RMIT Redbacks
- Founded: 1968
- Based in: Melbourne, Australia
- Owner: RMIT Sport
- Mascot: Rupert and Ruby the Redback spiders
- Website: RMIT Sport

= RMIT Redbacks =

Australian sports collective

The RMIT Redbacks are the sport collective of the Australian research University the Royal Melbourne Institute of Technology (RMIT), based at all campuses in Victoria and Ho Chi Minh City, Vietnam. The program is managed by the RMIT Sport team, part of RMIT Student Life.

Organised sport was first established at the Melbourne City Campus when the University re-branded from the Working Men's College, Melbourne to Royal Melbourne Institute of Technology in 1960.

RMIT has participated in the Australian University Games since 1992, initially competing as the Coburg Kangaroos due to the university's partnership with the Coburg-based Philip Institute of Technology (PIT). Following PIT's amalgamation into RMIT in 1992, RMIT re-branded as the Rhinos before changing the mascot to the Redbacks in 1997.

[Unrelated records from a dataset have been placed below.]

(* Let $D$ be a rooted hyperbolic digraph with root $o$, constant out-degree and bounded in-degree. Let $g$ be an elliptic self-embedding of $D$ and let $n\in\mathbb{N}$. Then there exists an integer $i\ge1$ such that $g^i$ fixes every vertex of $\mathcal{B}^+_n(o)\cup\mathcal{B}^-_n(o)$.
   Context: A directed path $x_0\ldots x_n$ has edges $x_ix_{i+1}$; $d(x,y)$ is the length of a shortest directed $x$-$y$ path ($\infty$ if none), called an $x$-$y$ geodesic. $D$ is rooted with root $o$ if $d(o,v)<\infty$ for all $v$. $\mathcal{B}^+_k(x)=\{y:d(x,y)\le k\}$, $\mathcal{B}^-_k(x)=\{y:d(y,x)\le k\}$, extended to sets by unions. A geodesic triangle consists of three vertices and for each pair a geodesic between them (in one direction); it is $\delta$-thin if whenever $P,Q,R$ are its sides with the start of $P$ being the start or end of $Q$ and the end of $P$ being the start or end of $R$, $P\subseteq\mathcal{B}^+_\delta(Q)\cup\mathcal{B}^-_\delta(R)$; $D$ is hyperbolic if for some $\delta\ge0$ all geodesic triangles are $\delta$-thin. A self-embedding is an injective $g:V(D)\to V(D)$ with $xy\in E(D)\iff g(x)g(y)\in E(D)$; it is elliptic if $g(F)=F$ for some nonempty finite vertex set $F$. *)

theory Defs
  imports Main "HOL-Library.Extended_Nat"
begin

definition dwalk :: "'a set \<Rightarrow> ('a \<times> 'a) set \<Rightarrow> 'a list \<Rightarrow> bool" where
  "dwalk V E p \<longleftrightarrow> p \<noteq> [] \<and> set p \<subseteq> V \<and> (\<forall>i. Suc i < length p \<longrightarrow> (p ! i, p ! Suc i) \<in> E)"

definition plen :: "'a list \<Rightarrow> nat" where
  "plen p = length p - 1"

text \<open>Directed distance; infinity if there is no directed path.\<close>
definition ddist :: "'a set \<Rightarrow> ('a \<times> 'a) set \<Rightarrow> 'a \<Rightarrow> 'a \<Rightarrow> enat" where
  "ddist V E x y = (INF p \<in> {p. dwalk V E p \<and> hd p = x \<and> last p = y}. enat (plen p))"

definition geodesic :: "'a set \<Rightarrow> ('a \<times> 'a) set \<Rightarrow> 'a list \<Rightarrow> bool" where
  "geodesic V E p \<longleftrightarrow> dwalk V E p \<and> enat (plen p) = ddist V E (hd p) (last p)"

definition rooted :: "'a set \<Rightarrow> ('a \<times> 'a) set \<Rightarrow> 'a \<Rightarrow> bool" where
  "rooted V E o' \<longleftrightarrow> o' \<in> V \<and> (\<forall>v\<in>V. ddist V E o' v < \<infinity>)"

definition out_ball :: "'a set \<Rightarrow> ('a \<times> 'a) set \<Rightarrow> nat \<Rightarrow> 'a set \<Rightarrow> 'a set" where
  "out_ball V E k X = {y \<in> V. \<exists>x\<in>X. ddist V E x y \<le> enat k}"

definition in_ball :: "'a set \<Rightarrow> ('a \<times> 'a) set \<Rightarrow> nat \<Rightarrow> 'a set \<Rightarrow> 'a set" where
  "in_ball V E k X = {y \<in> V. \<exists>x\<in>X. ddist V E y x \<le> enat k}"

definition geod_between :: "'a set \<Rightarrow> ('a \<times> 'a) set \<Rightarrow> 'a \<Rightarrow> 'a \<Rightarrow> 'a list \<Rightarrow> bool" where
  "geod_between V E x y p \<longleftrightarrow> geodesic V E p \<and>
     ((hd p = x \<and> last p = y) \<or> (hd p = y \<and> last p = x))"

definition geod_triangle :: "'a set \<Rightarrow> ('a \<times> 'a) set \<Rightarrow> 'a \<Rightarrow> 'a \<Rightarrow> 'a \<Rightarrow> (nat \<Rightarrow> 'a list) \<Rightarrow> bool" where
  "geod_triangle V E x y z S \<longleftrightarrow> x \<in> V \<and> y \<in> V \<and> z \<in> V \<and>
     geod_between V E x y (S 0) \<and> geod_between V E y z (S 1) \<and> geod_between V E z x (S 2)"

definition thin_triangle :: "'a set \<Rightarrow> ('a \<times> 'a) set \<Rightarrow> nat \<Rightarrow> (nat \<Rightarrow> 'a list) \<Rightarrow> bool" where
  "thin_triangle V E \<delta> S \<longleftrightarrow>
     (\<forall>a b c. {a, b, c} = {0, 1, 2::nat} \<longrightarrow>
        hd (S a) \<in> {hd (S b), last (S b)} \<longrightarrow> last (S a) \<in> {hd (S c), last (S c)} \<longrightarrow>
        set (S a) \<subseteq> out_ball V E \<delta> (set (S b)) \<union> in_ball V E \<delta> (set (S c)))"

definition hyperbolic :: "'a set \<Rightarrow> ('a \<times> 'a) set \<Rightarrow> bool" where
  "hyperbolic V E \<longleftrightarrow> (\<exists>\<delta>::nat. \<forall>x y z S. geod_triangle V E x y z S \<longrightarrow> thin_triangle V E \<delta> S)"

definition out_nbrs :: "('a \<times> 'a) set \<Rightarrow> 'a \<Rightarrow> 'a set" where
  "out_nbrs E v = {w. (v, w) \<in> E}"

definition in_nbrs :: "('a \<times> 'a) set \<Rightarrow> 'a \<Rightarrow> 'a set" where
  "in_nbrs E v = {w. (w, v) \<in> E}"

definition const_out_degree :: "'a set \<Rightarrow> ('a \<times> 'a) set \<Rightarrow> bool" where
  "const_out_degree V E \<longleftrightarrow> (\<exists>k::nat. \<forall>v\<in>V. finite (out_nbrs E v) \<and> card (out_nbrs E v) = k)"

definition bounded_in_degree :: "'a set \<Rightarrow> ('a \<times> 'a) set \<Rightarrow> bool" where
  "bounded_in_degree V E \<longleftrightarrow> (\<exists>m::nat. \<forall>v\<in>V. finite (in_nbrs E v) \<and> card (in_nbrs E v) \<le> m)"

definition self_embedding :: "'a set \<Rightarrow> ('a \<times> 'a) set \<Rightarrow> ('a \<Rightarrow> 'a) \<Rightarrow> bool" where
  "self_embedding V E g \<longleftrightarrow> g ` V \<subseteq> V \<and> inj_on g V \<and>
     (\<forall>x\<in>V. \<forall>y\<in>V. (x, y) \<in> E \<longleftrightarrow> (g x, g y) \<in> E)"

definition elliptic :: "'a set \<Rightarrow> ('a \<Rightarrow> 'a) \<Rightarrow> bool" where
  "elliptic V g \<longleftrightarrow> (\<exists>F. F \<subseteq> V \<and> F \<noteq> {} \<and> finite F \<and> g ` F = F)"

end

theory Submission
  imports Defs "HOL-Combinatorics.Cycles"
begin

text \<open>Pick \<open>f\<close> in
  a finite nonempty \<open>g\<close>-invariant set \<open>F\<close> and let \<open>L = d(o, f)\<close>. Edge-preserving maps do not
  increase distances, so the in-ball \<open>W\<close> of radius \<open>L + n\<close> around \<open>F\<close> and the set
  \<open>U = W \<union> B\<^sup>+\<^sub>n(W)\<close> are mapped into themselves by \<open>g\<close>, and both are finite by local
  finiteness. Since \<open>o \<in> W\<close> and every vertex of \<open>B\<^sup>-\<^sub>n(o)\<close> lies within \<open>L + n\<close> of \<open>f\<close>,
  \<open>U\<close> contains both balls of radius \<open>n\<close> around \<open>o\<close>. Finally, \<open>g\<close> permutes the finite set \<open>U\<close>,
  so some positive power of \<open>g\<close> is the identity on \<open>U\<close>.\<close>

lemma dwalk_singleton [simp]: "dwalk V E [x] \<longleftrightarrow> x \<in> V"
  by (auto simp: dwalk_def)

lemma dwalk_Cons_Cons [simp]:
  "dwalk V E (x # y # p) \<longleftrightarrow> x \<in> V \<and> (x, y) \<in> E \<and> dwalk V E (y # p)"
  by (auto simp: dwalk_def nth_Cons split: nat.splits)

lemma dwalk_nonempty: "dwalk V E p \<Longrightarrow> p \<noteq> []"
  by (simp add: dwalk_def)

lemma dwalk_Cons_in: "dwalk V E (x # p) \<Longrightarrow> x \<in> V"
  by (simp add: dwalk_def)

lemma dwalk_append:
  "dwalk V E p \<Longrightarrow> dwalk V E q \<Longrightarrow> last p = hd q \<Longrightarrow> dwalk V E (p @ tl q)"
proof (induction p rule: induct_list012)
  case (2 x)
  then show ?case
    using dwalk_nonempty[of V E q] by (cases q) auto
next
  case (3 x y p)
  then show ?case
    by (cases "p @ tl q") auto
qed (simp add: dwalk_def)

lemma dwalk_rev_converse: "dwalk V E p \<Longrightarrow> dwalk V (E\<inverse>) (rev p)"
proof (induction p rule: induct_list012)
  case (3 x y p)
  then have "dwalk V (E\<inverse>) (rev (y # p))" "dwalk V (E\<inverse>) [y, x]"
    by (auto dest: dwalk_Cons_in)
  from dwalk_append[OF this] show ?case
    by simp
qed (simp_all add: dwalk_def)

lemma dwalk_map:
  assumes "g ` V \<subseteq> V" and "\<And>x y. x \<in> V \<Longrightarrow> y \<in> V \<Longrightarrow> (x, y) \<in> E \<Longrightarrow> (g x, g y) \<in> E"
  shows "dwalk V E p \<Longrightarrow> dwalk V E (map g p)"
proof (induction p rule: induct_list012)
  case (3 x y p)
  then show ?case
    using assms by (auto dest: dwalk_Cons_in)
qed (use assms in auto)

lemma ddist_le_enat_iff:
  "ddist V E x y \<le> enat k \<longleftrightarrow> (\<exists>p. dwalk V E p \<and> hd p = x \<and> last p = y \<and> plen p \<le> k)"
proof
  let ?walk = "\<lambda>p. dwalk V E p \<and> hd p = x \<and> last p = y"
  let ?lengths = "(\<lambda>p. enat (plen p)) ` {p. ?walk p}"
  have ddist_eq: "ddist V E x y = Inf ?lengths"
    by (simp only: ddist_def)
  assume le: "ddist V E x y \<le> enat k"
  have "?lengths \<noteq> {}"
  proof
    assume "?lengths = {}"
    then have "ddist V E x y = \<infinity>"
      unfolding ddist_eq by (simp only: Inf_empty top_enat_def)
    with le show False
      by simp
  qed
  then have "Inf ?lengths \<in> ?lengths"
    by (meson ex_in_conv wellorder_InfI)
  then obtain p where "?walk p" "ddist V E x y = enat (plen p)"
    unfolding ddist_eq by blast
  with le show "\<exists>p. dwalk V E p \<and> hd p = x \<and> last p = y \<and> plen p \<le> k"
    by auto
next
  assume "\<exists>p. dwalk V E p \<and> hd p = x \<and> last p = y \<and> plen p \<le> k"
  then obtain p where "dwalk V E p" "hd p = x" "last p = y" "plen p \<le> k"
    by blast
  then have "ddist V E x y \<le> enat (plen p)"
    unfolding ddist_def by (intro INF_lower) blast
  with \<open>plen p \<le> k\<close> show "ddist V E x y \<le> enat k"
    by (meson enat_ord_simps(1) order_trans)
qed

lemma ddist_triangle:
  assumes "ddist V E x y \<le> enat a" and "ddist V E y z \<le> enat b"
  shows "ddist V E x z \<le> enat (a + b)"
proof -
  obtain p where p: "dwalk V E p" "hd p = x" "last p = y" "plen p \<le> a"
    using assms(1) unfolding ddist_le_enat_iff by blast
  obtain q where q: "dwalk V E q" "hd q = y" "last q = z" "plen q \<le> b"
    using assms(2) unfolding ddist_le_enat_iff by blast
  have "p \<noteq> []" "q \<noteq> []"
    using p q dwalk_nonempty by auto
  moreover have "dwalk V E (p @ tl q)"
    using dwalk_append[OF p(1) q(1)] p(3) q(2) by simp
  ultimately show ?thesis
    unfolding ddist_le_enat_iff using p q
    by (intro exI[of _ "p @ tl q"]) (cases q; auto simp: plen_def)
qed

lemma ddist_converse_le_enat_iff:
  "ddist V (E\<inverse>) x y \<le> enat k \<longleftrightarrow> ddist V E y x \<le> enat k"
proof -
  have "ddist V (E\<inverse>) x y \<le> enat k" if "ddist V E y x \<le> enat k" for E :: "('a \<times> 'a) set" and x y
    using that dwalk_rev_converse dwalk_nonempty unfolding ddist_le_enat_iff
    by (metis hd_rev last_rev length_rev plen_def)
  from this[of E] this[of "E\<inverse>"] show ?thesis
    by auto
qed

lemma in_ball_eq_out_ball_converse: "in_ball V E k X = out_ball V (E\<inverse>) k X"
  unfolding in_ball_def out_ball_def ddist_converse_le_enat_iff ..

The RMIT Redbacks currently administers 40 clubs in competitive sport ranging from local grassroots level to semi-professional, available to student and non-student members.

== History ==

=== Working Men's College (1887–1960) ===
The Working Men's College (WMC) was an all-male tertiary institution opened in 1887 at the college's campus on La Trobe Street, Melbourne City following the initial financial support and founding by prominent Victorian parliamentarian and philanthropist Francis Ormond in 1881. Coordinated by the WMC, organised sport was played at the college as early as 1900 with students competing in athletics events and registering Australian Rules football and cricket teams to compete against fellow Universities in the area.

Following the end of World War I, the WMC formed clubs for tennis, swimming, rowing, lacrosse, baseball and boxing and entered annual multi-sport events, firstly the Inter-Technical School Carnival held in Brunswick and subsequently the Preparatory School Sports held in Queenscliffe. The increased player registrations for Australian Rules increased to allow the WMC to enter an Under 21 years team in the Senior Technical School Association and an Under 16 years team in the Junior Technical Schools’ Association. In 1927, the WMC coordinated its first interstate student sporting trip in an exchange of visits with Adelaide Technical High School.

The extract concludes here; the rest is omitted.